BEGIN

lemma sum_cycle_sizes:
  assumes "S \<ge> 1"
  shows "(\<Sum>f\<in>maps S. \<Sum>s\<in>{1..S}. of_bool (s \<in> cyc_states S f) * real (card (cycle_from S f s)))
    = real S * real S ^ S"
proof -
  have per_state: "(\<Sum>f\<in>maps S. of_bool (s \<in> cyc_states S f) * real (card (cycle_from S f s))) = real S ^ S"
    if s: "s \<in> {1..S}" for s
  proof -
    have "(\<Sum>f\<in>maps S. of_bool (s \<in> cyc_states S f) * real (card (cycle_from S f s)))
        = (\<Sum>xs\<in>dlists_from S s. real S ^ (S - length xs) * real (card (set xs)))"
      using sum_maps_cyclic_at[OF s, where \<phi> = "\<lambda>A. real (card A)"] by simp
    also have "\<dots> = (\<Sum>xs\<in>dlists_from S s. real S ^ (S - length xs) * real (length xs))"
      by (intro sum.cong refl) (simp add: dlists_from_def distinct_card)
    also have "\<dots> = real S ^ S"
      using sum_dlists_from_by_length[OF s, of real] sum_falling_ratio_mult[OF assms] assms by simp
    finally show ?thesis .
  qed
  have "(\<Sum>f\<in>maps S. \<Sum>s\<in>{1..S}. of_bool (s \<in> cyc_states S f) * real (card (cycle_from S f s)))
      = (\<Sum>s\<in>{1..S}. \<Sum>f\<in>maps S. of_bool (s \<in> cyc_states S f) * real (card (cycle_from S f s)))"
    by (rule sum.swap)
  also have "\<dots> = (\<Sum>s\<in>{1..S}. real S ^ S)"
    by (simp only: per_state cong: sum.cong)
  finally show ?thesis by simp
qed

text \<open>Cyclic states on different cycles have disjoint cycles as their orbits, so \<open>f\<close> is then
  prescribed on both orbits at once.\<close>

lemma disjoint_cycles_subset:
  assumes s: "s \<in> {1..S}" and t: "t \<in> {1..S}"
  shows "{f \<in> maps S. s \<in> cyc_states S f \<and> t \<in> cyc_states S f \<and> t \<notin> cycle_from S f s}
    \<subseteq> (\<Union>(xs, ys)\<in>{(xs, ys) \<in> dlists_from S s \<times> dlists_from S t. set xs \<inter> set ys = {}}.
          {f \<in> maps S. map f (xs @ ys) = rotate1 xs @ rotate1 ys})"
proof
  fix f assume f: "f \<in> {f \<in> maps S. s \<in> cyc_states S f \<and> t \<in> cyc_states S f \<and> t \<notin> cycle_from S f s}"
  obtain xs j where xs: "xs \<in> dlists_from S s" "rho_path f xs j"
    using rho_path_of_maps[OF _ s] f by blast
  obtain ys k where ys: "ys \<in> dlists_from S t" "rho_path f ys k"
    using rho_path_of_maps[OF _ t] f by blast
  have xs_in: "set xs \<subseteq> {1..S}" "hd xs = s" and ys_in: "set ys \<subseteq> {1..S}" "hd ys = t"
    using xs(1) ys(1) by (auto simp: dlists_from_def)
  have "j = 0" "k = 0"
    using hd_cyclic_iff_rho_path[OF xs(2) xs_in(1)] hd_cyclic_iff_rho_path[OF ys(2) ys_in(1)] f xs_in ys_in
    by auto
  then have rho: "rho_path f xs 0" "rho_path f ys 0" using xs ys by auto
  have cycle_s: "cycle_from S f s = set xs" and cycle_t: "cycle_from S f t = set ys"
    using cycle_from_rho_path_0[OF rho(1) xs_in(1)] cycle_from_rho_path_0[OF rho(2) ys_in(1)] xs_in ys_in
    by simp_all
  have "set xs \<inter> set ys = {}"
  proof (rule ccontr)
    assume "set xs \<inter> set ys \<noteq> {}"
    then obtain u where "u \<in> cycle_from S f s" "u \<in> cycle_from S f t"
      unfolding cycle_s cycle_t by blast
    then obtain n m where "(f ^^ n) s = u" "(f ^^ m) t = u"
      by (auto simp: cycle_from_def)
    moreover obtain r where "(f ^^ r) ((f ^^ m) t) = t"
      using cyclic_reachable_back f by blast
    ultimately have "(f ^^ (r + n)) s = t" by (simp add: funpow_add)
    then show False using f by (auto simp: cycle_from_def)
  qed
  moreover have "map f (xs @ ys) = rotate1 xs @ rotate1 ys"
    using rho by (cases xs; cases ys) (simp_all add: rho_path_def)
  ultimately show "f \<in> (\<Union>(xs, ys)\<in>{(xs, ys) \<in> dlists_from S s \<times> dlists_from S t. set xs \<inter> set ys = {}}.
      {f \<in> maps S. map f (xs @ ys) = rotate1 xs @ rotate1 ys})"
    using xs ys f by (intro UN_I[of "(xs, ys)"]) auto
qed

END

> [ACTIVITY]: Go through the records above and copy every line holding the word "assumes".

> [WRITTEN ANSWER]:
  assumes "S \<ge> 1"
  assumes s: "s \<in> {1..S}" and t: "t \<in> {1..S}"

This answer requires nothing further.